> _Exercise goal_
For each line of the data below that contains "have", return that line.

--- Extracted records Enclosed Below ---

lemma admissible_iff_sum_Pow_eq_partial_dependence:
  assumes densities: "\<forall>S \<subseteq> coords d. is_density S (p S)"
  shows "admissible d p m0 m \<longleftrightarrow> integrals_exist d p m \<and>
           (\<forall>A \<subseteq> coords d. \<forall>x. (\<Sum>T\<in>Pow A. m T (restrict x T)) = partial_dependence d p m0 A x)"
    (is "_ \<longleftrightarrow> _ \<and> ?sums")
proof
  assume "admissible d p m0 m"
  then have integrable: "integrals_exist d p m"
    and decomp: "\<And>x. (\<Sum>T\<in>Pow (coords d). m T (restrict x T)) = m_sum d m0 x"
    and orth: "\<And>S x. S \<subseteq> coords d \<Longrightarrow> (\<Sum>T\<in>{T\<in>Pow (coords d). T \<inter> S \<noteq> {}}.
                 \<integral> y. m T (restrict (upd S y x) T) * p S y \<partial>leb S) = 0"
    unfolding admissible_def by blast+
  have ?sums
  proof (intro allI impI)
    fix A x assume "A \<subseteq> coords d"
    then have sub: "coords d - A \<subseteq> coords d" and compl: "coords d - (coords d - A) = A"
      by auto
    from orthogonality_sum_eq[OF sub densities[rule_format, OF sub] integrable decomp, of x]
      orth[OF sub, of x]
    show "(\<Sum>T\<in>Pow A. m T (restrict x T)) = partial_dependence d p m0 A x"
      unfolding compl by linarith
  qed
  with integrable show "integrals_exist d p m \<and> ?sums" ..
next
  assume "integrals_exist d p m \<and> ?sums"
  then have integrable: "integrals_exist d p m" and sums: ?sums by auto
  have decomp: "(\<Sum>T\<in>Pow (coords d). m T (restrict x T)) = m_sum d m0 x" for x
    using sums partial_dependence_coords[where p = p, OF densities[rule_format, OF empty_subsetI]]
    by auto
  have orth: "(\<Sum>T\<in>{T\<in>Pow (coords d). T \<inter> S \<noteq> {}}.
                 \<integral> y. m T (restrict (upd S y x) T) * p S y \<partial>leb S) = 0"
    if S: "S \<subseteq> coords d" for S x
    using orthogonality_sum_eq[OF S densities[rule_format, OF S] integrable decomp, of x]
      sums[rule_format, of "coords d - S" x, OF Diff_subset]
    by linarith
  show "admissible d p m0 m"
    unfolding admissible_def using integrable decomp orth by blast
qed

--- End of Enclosed Extracted records ---

> _Response below_
  then have integrable: "integrals_exist d p m"
  have ?sums
    then have sub: "coords d - A \<subseteq> coords d" and compl: "coords d - (coords d - A) = A"
  then have integrable: "integrals_exist d p m" and sums: ?sums by auto
  have decomp: "(\<Sum>T\<in>Pow (coords d). m T (restrict x T)) = m_sum d m0 x" for x
  have orth: "(\<Sum>T\<in>{T\<in>Pow (coords d). T \<inter> S \<noteq> {}}.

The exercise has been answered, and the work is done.